Assignment: Below this line is the material. Write out only its lines from the one containing "theory Defs" through the one containing "text \<open>S i", both kept, exactly.

▼

lemma cls_Suc_indirect:
  assumes "\<not> direct_skip f w D s" "\<nexists>L. direct_commit f w D s L"
    and "decided (cls f w leaders D (Suc k) s)"
  obtains anc A where
    "find (\<lambda>t. cls f w leaders D k t \<noteq> Skip) (later_slots leaders w D s) = Some anc"
    "cls f w leaders D k anc = Commit A"
    "cls f w leaders D (Suc k) s = indirect_decision f w s A"
proof -
  have "cls f w leaders D (Suc k) s =
    (case find (\<lambda>t. cls f w leaders D k t \<noteq> Skip) (later_slots leaders w D s) of
       None \<Rightarrow> Undecided
     | Some anc \<Rightarrow> (case cls f w leaders D k anc of
                     Commit A \<Rightarrow> indirect_decision f w s A
                   | _ \<Rightarrow> Undecided))"
    using assms(1,2) unfolding indirect_decision_def by (simp only: cls.simps if_False)
  then show thesis
    using that assms(3) by (auto simp: decided_def split: option.splits decision.splits)
qed

locale honest_dags =
  fixes n f w :: nat and H :: "nat set" and D :: "nat \<Rightarrow> block set"
  assumes validator_count: "n \<le> 3 * f + 1"
    and few_faulty: "card ({..<n} - H) \<le> f"
    and wave_length: "2 \<le> w"
    and dag_valid: "\<And>u b. u \<in> H \<Longrightarrow> b \<in> D u \<Longrightarrow> valid n f b"
    and dag_closed: "\<And>u b. u \<in> H \<Longrightarrow> b \<in> D u \<Longrightarrow> set (parents b) \<subseteq> D u"
    and honest_unique: "\<And>u u' b b'. u \<in> H \<Longrightarrow> u' \<in> H \<Longrightarrow> b \<in> D u \<Longrightarrow> b' \<in> D u' \<Longrightarrow>
                          author b \<in> H \<Longrightarrow> author b' = author b \<Longrightarrow> rnd b' = rnd b \<Longrightarrow> b = b'"
begin
(* Let $n \ge 2$ be even. Then $|S_{1,1}(n)| - |S_{0,0}(n)|$ equals the number of irreducible polynomials of degree $n/2$ in $\mathbb{F}_2[x]$ whose coefficient of $x^{n/2-1}$ is $1$. Moreover, \[ |S_{1,1}(n)| - |S_{0,0}(n)| = \frac{1}{n}\sum_{\substack{d \mid n/2 \\ d \text{ odd}}} \mu(d)\, 2^{n/(2d)}, \] where $\mu$ is the Möbius function.
   Context: For $n \ge 2$, let $\mathcal{I}_n$ be the set of all irreducible polynomials of degree $n$ in $\mathbb{F}_2[x]$. Every $f \in \mathcal{I}_n$ is monic with constant term $1$; write $f = x^n + f_{n-1}x^{n-1} + \cdots + f_1 x + 1$ with $f_k \in \mathbb{F}_2$. The coefficient $f_{n-1}$ is the trace of $f$ and $f_1$ is its cotrace. For $i,j \in \mathbb{F}_2$, $S_{i,j}(n)$ denotes the set of $f \in \mathcal{I}_n$ with $f_{n-1} = i$ and $f_1 = j$. The trace of a monic irreducible polynomial of degree $m$ is its coefficient of $x^{m-1}$; for $m=1$ the trace-$1$ irreducible is $x+1$. The Möbius function is $\mu(1)=1$, $\mu(m)=(-1)^k$ if $m$ is a product of $k$ distinct primes, and $\mu(m)=0$ otherwise. *)

theory Defs
  imports "HOL-Computational_Algebra.Computational_Algebra" "HOL-Library.Z2"
begin

definition irred_F2 :: "nat \<Rightarrow> bit poly set" where
  "irred_F2 n = {f. lead_coeff f = 1 \<and> irreducible f \<and> degree f = n}"

text \<open>S i j n: irreducibles of degree n with trace (coeff of x^(n-1)) i and cotrace (coeff of x) j.\<close>
definition S :: "bit \<Rightarrow> bit \<Rightarrow> nat \<Rightarrow> bit poly set" where
  "S i j n = {f \<in> irred_F2 n. coeff f (n - 1) = i \<and> coeff f 1 = j}"

definition mobius :: "nat \<Rightarrow> int" where
  "mobius m = (if squarefree m then (-1) ^ card (prime_factors m) else 0)"

end

theory Submission
  imports Defs "HOL-Computational_Algebra.Field_as_Ring"
begin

▲

Task response:
theory Defs
  imports "HOL-Computational_Algebra.Computational_Algebra" "HOL-Library.Z2"
begin

definition irred_F2 :: "nat \<Rightarrow> bit poly set" where
  "irred_F2 n = {f. lead_coeff f = 1 \<and> irreducible f \<and> degree f = n}"

text \<open>S i j n: irreducibles of degree n with trace (coeff of x^(n-1)) i and cotrace (coeff of x) j.\<close>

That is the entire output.